For the entries below, repeat exactly each line starting with the one that contains "g = Abs_fps" and going on through the one that contains "eval_x0 f *", and no others.
Segment Start: INPUT DATA
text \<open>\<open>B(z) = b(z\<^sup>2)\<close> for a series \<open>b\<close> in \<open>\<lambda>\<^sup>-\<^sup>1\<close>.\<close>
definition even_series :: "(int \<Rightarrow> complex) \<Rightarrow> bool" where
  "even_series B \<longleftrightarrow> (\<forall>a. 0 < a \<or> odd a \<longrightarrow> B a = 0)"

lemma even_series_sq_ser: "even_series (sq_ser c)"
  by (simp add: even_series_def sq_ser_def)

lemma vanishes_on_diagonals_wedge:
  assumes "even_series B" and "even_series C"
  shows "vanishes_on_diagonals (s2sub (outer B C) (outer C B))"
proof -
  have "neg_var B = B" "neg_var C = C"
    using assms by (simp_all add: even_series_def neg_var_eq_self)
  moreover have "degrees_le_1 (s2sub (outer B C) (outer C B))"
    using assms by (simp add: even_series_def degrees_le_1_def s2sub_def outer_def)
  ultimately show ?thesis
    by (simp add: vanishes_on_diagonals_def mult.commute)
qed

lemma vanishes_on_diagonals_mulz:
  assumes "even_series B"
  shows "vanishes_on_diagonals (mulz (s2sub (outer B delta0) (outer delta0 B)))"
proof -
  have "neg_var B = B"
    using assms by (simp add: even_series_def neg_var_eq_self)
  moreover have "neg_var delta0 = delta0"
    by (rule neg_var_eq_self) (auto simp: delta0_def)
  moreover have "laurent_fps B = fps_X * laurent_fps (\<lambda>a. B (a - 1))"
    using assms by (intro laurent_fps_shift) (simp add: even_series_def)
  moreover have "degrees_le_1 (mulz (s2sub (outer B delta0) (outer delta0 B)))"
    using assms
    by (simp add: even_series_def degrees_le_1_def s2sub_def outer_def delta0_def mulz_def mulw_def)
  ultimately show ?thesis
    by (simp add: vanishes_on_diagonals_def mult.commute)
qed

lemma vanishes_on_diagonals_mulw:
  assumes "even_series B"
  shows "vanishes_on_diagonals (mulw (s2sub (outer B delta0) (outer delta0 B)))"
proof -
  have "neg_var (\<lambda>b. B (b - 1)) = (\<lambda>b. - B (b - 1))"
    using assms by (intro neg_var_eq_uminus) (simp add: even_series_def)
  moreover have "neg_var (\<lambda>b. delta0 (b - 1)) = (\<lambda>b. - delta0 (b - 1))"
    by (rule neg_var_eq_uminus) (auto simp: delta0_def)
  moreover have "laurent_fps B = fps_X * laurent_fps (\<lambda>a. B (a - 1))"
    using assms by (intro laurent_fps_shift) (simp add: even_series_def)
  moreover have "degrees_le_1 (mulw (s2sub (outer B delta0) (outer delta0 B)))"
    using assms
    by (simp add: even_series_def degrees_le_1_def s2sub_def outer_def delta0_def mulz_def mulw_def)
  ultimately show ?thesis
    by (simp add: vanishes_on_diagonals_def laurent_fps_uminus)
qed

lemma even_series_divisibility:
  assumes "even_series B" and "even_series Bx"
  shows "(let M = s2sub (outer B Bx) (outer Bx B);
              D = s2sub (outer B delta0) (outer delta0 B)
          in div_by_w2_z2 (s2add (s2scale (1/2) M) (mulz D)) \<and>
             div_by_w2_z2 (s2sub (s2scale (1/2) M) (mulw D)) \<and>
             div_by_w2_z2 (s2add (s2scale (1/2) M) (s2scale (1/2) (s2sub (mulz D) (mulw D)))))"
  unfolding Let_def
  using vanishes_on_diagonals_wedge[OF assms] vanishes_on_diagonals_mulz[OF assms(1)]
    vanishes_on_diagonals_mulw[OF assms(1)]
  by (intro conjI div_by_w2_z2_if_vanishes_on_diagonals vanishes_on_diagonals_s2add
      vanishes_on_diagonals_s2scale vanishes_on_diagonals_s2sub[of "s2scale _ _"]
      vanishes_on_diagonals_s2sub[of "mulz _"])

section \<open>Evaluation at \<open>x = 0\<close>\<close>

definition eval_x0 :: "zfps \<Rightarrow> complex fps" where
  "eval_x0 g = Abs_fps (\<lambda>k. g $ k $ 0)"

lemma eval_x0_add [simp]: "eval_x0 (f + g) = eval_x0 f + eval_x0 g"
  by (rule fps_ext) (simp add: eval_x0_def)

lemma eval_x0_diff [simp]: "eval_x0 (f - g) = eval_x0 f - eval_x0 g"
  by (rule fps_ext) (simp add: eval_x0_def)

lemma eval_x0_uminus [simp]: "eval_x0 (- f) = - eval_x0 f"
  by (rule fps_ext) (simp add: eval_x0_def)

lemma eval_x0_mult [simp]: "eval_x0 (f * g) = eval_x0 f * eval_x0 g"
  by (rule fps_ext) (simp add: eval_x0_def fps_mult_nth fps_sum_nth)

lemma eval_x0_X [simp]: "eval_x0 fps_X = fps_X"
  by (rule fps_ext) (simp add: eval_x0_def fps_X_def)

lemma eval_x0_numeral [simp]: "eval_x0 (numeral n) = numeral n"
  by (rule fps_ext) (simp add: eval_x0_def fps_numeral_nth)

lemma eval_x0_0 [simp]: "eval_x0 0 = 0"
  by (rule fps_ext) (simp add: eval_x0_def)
Segment End: INPUT DATA
# [ANSWER SECTION]
  "eval_x0 g = Abs_fps (\<lambda>k. g $ k $ 0)"

lemma eval_x0_add [simp]: "eval_x0 (f + g) = eval_x0 f + eval_x0 g"
  by (rule fps_ext) (simp add: eval_x0_def)

lemma eval_x0_diff [simp]: "eval_x0 (f - g) = eval_x0 f - eval_x0 g"
  by (rule fps_ext) (simp add: eval_x0_def)

lemma eval_x0_uminus [simp]: "eval_x0 (- f) = - eval_x0 f"
  by (rule fps_ext) (simp add: eval_x0_def)

lemma eval_x0_mult [simp]: "eval_x0 (f * g) = eval_x0 f * eval_x0 g"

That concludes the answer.